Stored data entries

━━━━

(* Let $T:\mathbb{R}^n\to\mathbb{R}^n$ be topical. The set of additive eigenvectors of $T$ is nonempty and bounded in the variation norm if and only if $$r(T^J_{-\infty})<\lambda(T^{[n]\setminus J}_\infty)$$ for every nonempty proper subset $J\subset[n]$.
   Context: $T$ is topical if it is order-preserving ($x\le y\Rightarrow T(x)\le T(y)$, entrywise) and additively homogeneous ($T(x+c\mathbf{1})=T(x)+c\mathbf{1}$ for all $c\in\mathbb{R}$, $\mathbf{1}$ the all-ones vector). $x\in\mathbb{R}^n$ is an additive eigenvector if $T(x)=x+\lambda\mathbf{1}$ for some $\lambda\in\mathbb{R}$. Variation norm: $\|x\|_{\mathrm{var}}=\max_ix_i-\min_jx_j$. A topical $T$ extends continuously to order-preserving additively homogeneous maps on $(-\infty,\infty]^n$ and on $[-\infty,\infty)^n$, again denoted $T$. For $\alpha\in[-\infty,\infty]$, $P^J_\alpha(x)_j=x_j$ for $j\in J$ and $\alpha$ otherwise; $T^J_{-\infty}=P^J_{-\infty}TP^J_{-\infty}$ on $[-\infty,\infty)^n$ and $T^J_\infty=P^J_\infty TP^J_\infty$ on $(-\infty,\infty]^n$. For such maps $S$: $r(S)=\inf_{x\in\mathbb{R}^n}\max_i(S(x)_i-x_i)$ and $\lambda(S)=\sup_{x\in\mathbb{R}^n}\min_i(S(x)_i-x_i)$, with values in $[-\infty,\infty]$. *)

theory Defs
  imports "HOL-Analysis.Analysis" "HOL-Library.Extended_Real"
begin

definition topical :: "(real^'n \<Rightarrow> real^'n) \<Rightarrow> bool" where
  "topical T \<longleftrightarrow>
     (\<forall>x y. (\<forall>i. x$i \<le> y$i) \<longrightarrow> (\<forall>i. T x $ i \<le> T y $ i)) \<and>
     (\<forall>x (c::real). T (\<chi> i. x$i + c) = (\<chi> i. T x $ i + c))"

━━━━

Lines that hold "forall" are the ones to copy, so pick each out from the data.

Answer to this exercise ▸
     (\<forall>x y. (\<forall>i. x$i \<le> y$i) \<longrightarrow> (\<forall>i. T x $ i \<le> T y $ i)) \<and>
     (\<forall>x (c::real). T (\<chi> i. x$i + c) = (\<chi> i. T x $ i + c))"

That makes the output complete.